朱祐樘瞭然,轉頭對宮女說:“金蓮,你去給朕做碗甜羹,早膳吃得有些膩。”
“奴婢遵命。”她說著告退。
“現在可以說了嗎?”朱祐樘總是淺淺笑著。
“我有些問題要問你。”蕭敬他們還沒回來,貼身宮女又被差走,李慕兒不再顧所謂君臣之禮,停下手上活計張口就問,“為何封我做御侍,不是別的?”
“別的你會什麼?”朱祐樘反問。
李慕兒被噎住:“我……”
朱祐樘拿起案上茶杯慢慢說道:“宮裡的女人不過三類:嬪妃,女官,宮女。嬪妃你是別想了,宮女你就未必肯做,女官很適合你。”
李慕兒聽得恨恨咬牙:“女官那麼多,幹嘛封個每天都要見到你的,讓我鬧心。還叫什麼御侍,一聽就不是什麼正經行當。”

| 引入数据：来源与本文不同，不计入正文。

(* Let $G$ be an arithmetic semigroup satisfying $N_G(x)=Ax+\mathcal{O}\!\left(\frac{x}{\log^\gamma x}\right)$ with $\frac32<\gamma\le2$ and $A\in\mathbb{R}$, and let $\zeta=\zeta_G$. Then for real $t\ge2$, $$|\zeta(1+\mathrm{i}t)|\gg t^{-\frac{8}{(\gamma-\frac32)^2}}.$$
   Context: An arithmetic semigroup is a commutative semigroup $(G,\cdot)$ with identity together with a multiplicative norm $\|\cdot\|\colon G\to[1,\infty)$ such that $N_G(x)=|\{g\in G:\|g\|\le x\}|$ is finite for every $x$, the identity is the unique element of norm $1$, and decomposition into irreducible elements is unique. Its zeta function is $\zeta_G(s)=\sum_{g\in G}\|g\|^{-s}$ for $\Re s>1$; for $t\neq0$ the value $\zeta_G(1+\mathrm{i}t)$ denotes the boundary value $\lim_{\sigma\to1^+}\zeta_G(\sigma+\mathrm{i}t)$ (which exists under the hypothesis). *)

theory Defs
  imports "HOL-Analysis.Analysis" "HOL-Library.Multiset" "HOL-Library.Landau_Symbols"
begin

text \<open>An arithmetic semigroup is modelled as a type of class comm_monoid_mult
  (the whole type is the semigroup G) together with a norm function.\<close>

definition as_irreducible :: "'a::comm_monoid_mult \<Rightarrow> bool" where
  "as_irreducible p \<longleftrightarrow> p \<noteq> 1 \<and> (\<forall>a b. p = a * b \<longrightarrow> a = 1 \<or> b = 1)"

definition arith_semigroup :: "('a::comm_monoid_mult \<Rightarrow> real) \<Rightarrow> bool" where
  "arith_semigroup nrm \<longleftrightarrow>
     (\<forall>g. nrm g \<ge> 1) \<and>
     (\<forall>a b. nrm (a * b) = nrm a * nrm b) \<and>
     (\<forall>g. nrm g = 1 \<longleftrightarrow> g = 1) \<and>
     (\<forall>x. finite {g. nrm g \<le> x}) \<and>
     (\<forall>g. \<exists>!M::'a multiset. (\<forall>p\<in>#M. as_irreducible p) \<and> prod_mset M = g)"

definition count_N :: "('a \<Rightarrow> real) \<Rightarrow> real \<Rightarrow> real" where
  "count_N nrm x = real (card {g. nrm g \<le> x})"

definition zeta_G :: "('a \<Rightarrow> real) \<Rightarrow> complex \<Rightarrow> complex" where
  "zeta_G nrm s = infsum (\<lambda>g. (complex_of_real (nrm g)) powr (- s)) UNIV"

definition zeta_G_boundary :: "('a \<Rightarrow> real) \<Rightarrow> real \<Rightarrow> complex" where
  "zeta_G_boundary nrm t = Lim (at_right 1) (\<lambda>\<sigma>. zeta_G nrm (Complex \<sigma> t))"

end

theory Submission
  imports Defs
begin

text \<open>Partial summation writes \<open>\<zeta>(s) = A s / (s - 1) + s H(s)\<close> for \<open>Re s > 1\<close>, where \<open>H\<close> is the
  Mellin transform of the remainder \<open>R(x) = N(x) - A x\<close>. The bound on \<open>R\<close> makes \<open>H\<close> bounded and
  \<open>\<theta>\<close>-Hoelder in the real direction for \<open>\<theta> < \<gamma> - 1\<close>, so \<open>\<zeta>(\<sigma> + i t)\<close> converges as
  \<open>\<sigma> \<rightarrow> 1\<^sup>+\<close> with error \<open>O(t (\<sigma> - 1)\<^sup>\<theta>)\<close>. On the other hand the Euler product, together with the
  positivity of \<open>\<Sum>\<^sub>j r\<^sup>j / j \<bar>\<Sum>\<^sub>l u\<^sub>l\<^sup>j\<bar>\<^sup>2\<close>, gives
  \<open>\<Prod>\<^sub>l\<^sub>,\<^sub>l\<^sub>' \<^sub>< \<^sub>n \<bar>\<zeta>(\<sigma> + i (l - l') t)\<bar> \<ge> 1\<close>; bounding every factor except
  \<open>\<zeta>(\<sigma> \<plusminus> i t)\<close> yields a lower bound for \<open>\<bar>\<zeta>(1 + \<delta> + i t)\<bar>\<close> that beats the Hoelder error
  for \<open>\<delta>\<close> a suitable power of \<open>t\<close>. The exponent \<open>8 / (\<gamma> - 3/2)\<^sup>2\<close> comes from
  \<open>\<theta> = (\<gamma> - 1/2) / 2\<close> and \<open>n \<approx> 2 / (\<gamma> - 3/2)\<close>.\<close>

definition cpow_neg :: "complex \<Rightarrow> real \<Rightarrow> complex" where
  "cpow_neg s x = exp (- s * of_real (ln x))"

lemma cpow_neg_eq_powr: "x > 0 \<Longrightarrow> complex_of_real x powr (- s) = cpow_neg s x"
  by (simp add: powr_def cpow_neg_def Ln_of_real)

lemma norm_cpow_neg: "x > 0 \<Longrightarrow> norm (cpow_neg s x) = x powr (- Re s)"
  by (simp add: cpow_neg_def powr_def)

lemma norm_cpow_neg_le: "x \<ge> 1 \<Longrightarrow> Re s \<ge> a \<Longrightarrow> norm (cpow_neg s x) \<le> x powr (- a)"
  by (simp add: norm_cpow_neg powr_mono)

lemma cpow_neg_1 [simp]: "cpow_neg s 1 = 1"
  by (simp add: cpow_neg_def)

lemma cpow_neg_mult: "x > 0 \<Longrightarrow> y > 0 \<Longrightarrow> cpow_neg s (x * y) = cpow_neg s x * cpow_neg s y"
  unfolding cpow_neg_def by (simp add: ln_mult algebra_simps flip: exp_add)

lemma cpow_neg_power: "x > 0 \<Longrightarrow> cpow_neg s (x ^ k) = cpow_neg s x ^ k"
  by (simp add: cpow_neg_def ln_realpow exp_of_nat_mult[symmetric] mult_ac)

lemma cpow_neg_add: "cpow_neg (a + b) x = cpow_neg a x * cpow_neg b x"
  by (simp add: cpow_neg_def algebra_simps flip: exp_add)

lemma cpow_neg_cnj: "cpow_neg (cnj s) x = cnj (cpow_neg s x)"
  by (simp add: cpow_neg_def exp_cnj)

lemma cpow_neg_of_real: "x > 0 \<Longrightarrow> cpow_neg (of_real \<sigma>) x = of_real (x powr (- \<sigma>))"
  by (simp add: cpow_neg_def powr_def flip: exp_of_real)

lemma cpow_neg_Complex:
  assumes "x > 0"
  shows "cpow_neg (Complex \<sigma> \<tau>) x = of_real (x powr (- \<sigma>)) * cis (- \<tau> * ln x)"
proof -
  have "cpow_neg (Complex \<sigma> \<tau>) x = cpow_neg (of_real \<sigma>) x * cpow_neg (\<i> * of_real \<tau>) x"
    by (simp add: Complex_eq cpow_neg_add)
  also have "cpow_neg (\<i> * of_real \<tau>) x = cis (- \<tau> * ln x)"
    by (simp add: cpow_neg_def cis_conv_exp mult_ac)
  finally show ?thesis
    using assms by (simp add: cpow_neg_of_real)
qed

lemma cpow_neg_Suc: "x > 0 \<Longrightarrow> cpow_neg (s + 1) x = cpow_neg s x / of_real x"
  by (simp add: cpow_neg_add cpow_neg_of_real[of x 1, simplified] powr_minus divide_inverse)

lemma cpow_neg_has_vector_derivative:
  assumes "x > 0"
  shows "(cpow_neg s has_vector_derivative (- s * cpow_neg (s + 1) x)) (at x within S)"
proof -
  have "((\<lambda>x. - s * of_real (ln x)) has_vector_derivative (- s * of_real (inverse x))) (at x within S)"
    using has_vector_derivative_of_real[OF DERIV_ln[OF assms]]
    by (intro has_vector_derivative_mult_right) (rule has_vector_derivative_at_within)
  from field_vector_diff_chain_within[OF this has_field_derivative_at_within[OF DERIV_exp]]
  have "(cpow_neg s has_vector_derivative (- s * of_real (inverse x)) * cpow_neg s x) (at x within S)"
    by (simp add: o_def cpow_neg_def [abs_def])
  moreover have "(- s * of_real (inverse x)) * cpow_neg s x = - s * cpow_neg (s + 1) x"
    using assms by (simp add: cpow_neg_Suc divide_inverse mult_ac)
  ultimately show ?thesis by (simp only:)
qed

lemma cpow_neg_has_integral:
  assumes "c \<noteq> 0" "0 < a" "a \<le> b"
  shows "(cpow_neg (c + 1) has_integral (cpow_neg c a - cpow_neg c b) / c) {a..b}"
proof -
  have "((\<lambda>x. - cpow_neg c x / c) has_vector_derivative cpow_neg (c + 1) x) (at x within {a..b})"
    if "x \<in> {a..b}" for x
  proof -
    have "x > 0" using that assms by auto
    from has_vector_derivative_mult_right[OF cpow_neg_has_vector_derivative[OF this, of c "{a..b}"], of "- 1 / c"]
    show ?thesis using assms(1) by simp
  qed
  from fundamental_theorem_of_calculus[OF assms(3) this]
  show ?thesis by (simp add: diff_divide_distrib add.commute)
qed

lemma cpow_neg_linear_has_integral:
  assumes "X \<ge> 1" "s \<noteq> 1"
  shows "((\<lambda>x. of_real (A * x) * cpow_neg (s + 1) x) has_integral
           of_real A * ((1 - cpow_neg (s - 1) X) / (s - 1))) {1..X}"
proof -
  have "(cpow_neg ((s - 1) + 1) has_integral (cpow_neg (s - 1) 1 - cpow_neg (s - 1) X) / (s - 1)) {1..X}"
    using assms by (intro cpow_neg_has_integral) auto
  then have "((\<lambda>x. of_real A * cpow_neg s x) has_integral
               of_real A * ((1 - cpow_neg (s - 1) X) / (s - 1))) {1..X}"
    by (intro has_integral_mult_right) simp
  then show ?thesis
    by (rule has_integral_eq[rotated]) (auto simp: cpow_neg_Suc)
qed

lemma le_powr_of_le_1:
  fixes d \<theta> :: real
  assumes "0 \<le> d" "d \<le> 1" "0 < \<theta>" "\<theta> \<le> 1"
  shows "d \<le> d powr \<theta>"
  using assms powr_mono'[of \<theta> 1 d] by (cases "d = 0") auto

lemma one_minus_exp_neg_le_powr:
  fixes y \<theta> :: real
  assumes "y \<ge> 0" "0 < \<theta>" "\<theta> \<le> 1"
  shows "1 - exp (- y) \<le> y powr \<theta>"
proof (cases "y \<le> 1")
  case True
  have "1 - exp (- y) \<le> y" using exp_ge_add_one_self[of "- y"] by linarith
  also have "y \<le> y powr \<theta>"
    using True assms by (intro le_powr_of_le_1) auto
  finally show ?thesis .
next
  case False
  have "exp (- y) > 0" by simp
  then show ?thesis using assms False ge_one_powr_ge_zero[of y \<theta>] by linarith
qed

lemma norm_pole_shift_diff_le:
  fixes s :: complex
  assumes "\<bar>Im s\<bar> \<ge> 1" "d \<ge> 0"
  shows "norm (- of_real d / ((s + of_real d - 1) * (s - 1))) \<le> d"
proof -
  have "1 \<le> norm (s + of_real d - 1)" "1 \<le> norm (s - 1)"
    using assms abs_Im_le_cmod[of "s + of_real d - 1"] abs_Im_le_cmod[of "s - 1"] by auto
  then have "1 * 1 \<le> norm (s + of_real d - 1) * norm (s - 1)"
    by (intro mult_mono) auto
  then have "d / (norm (s + of_real d - 1) * norm (s - 1)) \<le> d / 1"
    using assms by (intro divide_left_mono) auto
  then show ?thesis
    using assms by (simp add: norm_mult norm_divide)
qed

text \<open>Taking logarithms, the product becomes
  \<open>-\<Sum>\<^sub>j r\<^sup>j / j * \<bar>\<Sum>\<^sub>l u\<^sub>l\<^sup>j\<bar>\<^sup>2 \<le> 0\<close>:
  the generalisation of the classical \<open>3 + 4 cos \<phi> + cos 2\<phi> \<ge> 0\<close>.\<close>
lemma prod_norm_one_minus_rotations_le_1:
  fixes r :: real and u :: "nat \<Rightarrow> complex"
  assumes r: "0 \<le> r" "r < 1" and u: "\<And>l. norm (u l) = 1"
  shows "(\<Prod>l<n. \<Prod>l'<n. norm (1 - of_real r * u l * cnj (u l'))) \<le> 1"
proof -
  define w where "w l l' = of_real r * u l * cnj (u l')" for l l'
  have norm_w: "norm (w l l') = r" for l l' using r u by (simp add: w_def norm_mult)
  have nonzero: "1 - w l l' \<noteq> 0" for l l' using norm_w[of l l'] r by auto
  have log_series: "(\<lambda>j. - ((w l l') ^ j) / of_nat j) sums Ln (1 - w l l')" for l l'
    using Ln_series'[of "- w l l'"] norm_w[of l l'] r by simp
  have sum_log_series: "(\<lambda>j. \<Sum>l<n. \<Sum>l'<n. - ((w l l') ^ j) / of_nat j)
      sums (\<Sum>l<n. \<Sum>l'<n. Ln (1 - w l l'))"
    by (intro sums_sum log_series)
  have series_term: "(\<Sum>l<n. \<Sum>l'<n. - ((w l l') ^ j) / of_nat j)
      = of_real (- (r ^ j / real j) * (norm (\<Sum>l<n. u l ^ j))\<^sup>2)" for j
  proof -
    have "(\<Sum>l<n. \<Sum>l'<n. - ((w l l') ^ j) / of_nat j)
        = - (of_real (r ^ j) / of_nat j) * ((\<Sum>l<n. u l ^ j) * cnj (\<Sum>l'<n. u l' ^ j))"
      by (simp add: w_def power_mult_distrib sum_distrib_left sum_distrib_right cnj_sum
          sum_negf sum_divide_distrib mult_ac) (rule sum.swap)
    also have "(\<Sum>l<n. u l ^ j) * cnj (\<Sum>l'<n. u l' ^ j) = of_real ((norm (\<Sum>l<n. u l ^ j))\<^sup>2)"
      by (simp only: complex_norm_square cnj_sum complex_cnj_power)
    finally show ?thesis by simp
  qed
  have real_log_series: "(\<lambda>j. - (r ^ j / real j) * (norm (\<Sum>l<n. u l ^ j))\<^sup>2) sums
      (\<Sum>l<n. \<Sum>l'<n. ln (norm (1 - w l l')))"
  proof -
    have "(\<lambda>j. complex_of_real (- (r ^ j / real j) * (norm (\<Sum>l<n. u l ^ j))\<^sup>2)) sums
      (\<Sum>l<n. \<Sum>l'<n. Ln (1 - w l l'))" using sum_log_series by (simp only: series_term)
    from sums_Re[OF this] show ?thesis using nonzero by (simp add: Re_sum)
  qed
  have sum_ln_le_0: "(\<Sum>l<n. \<Sum>l'<n. ln (norm (1 - w l l'))) \<le> 0"
    using r by (auto intro!: sums_le[OF _ real_log_series sums_zero] mult_nonneg_nonneg)
  have pos: "(\<Prod>l<n. \<Prod>l'<n. norm (1 - w l l')) > 0" using nonzero by (auto intro!: prod_pos)
  have "ln (\<Prod>l<n. \<Prod>l'<n. norm (1 - w l l')) = (\<Sum>l<n. \<Sum>l'<n. ln (norm (1 - w l l')))"
    using nonzero by (simp add: ln_prod prod_pos)
  then have "ln (\<Prod>l<n. \<Prod>l'<n. norm (1 - w l l')) \<le> 0" using sum_ln_le_0 by simp
  then have "(\<Prod>l<n. \<Prod>l'<n. norm (1 - w l l')) \<le> 1" using pos by simp
  then show ?thesis by (simp add: w_def)
qed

朱祐樘差點把喝進嘴的水吐出來,“你這兩天盡在想這些嗎?你知不知道自己現在宮中地位多高啊?”
“多高?”
“宮中官制六局一司,最高官位秩正五品,你秩從五品。你昨日衣服上的補子,繡的什麼知道嗎?”
“當然知道,是白鷳對吧?”
“是了,五品文官才配用的。”
李慕兒不屑,繼續問道:“剛剛你喚金蓮的那宮女,也和我一樣是御侍?”
“算是吧,她可沒有官位。”
“那她是沒有官位的御侍?”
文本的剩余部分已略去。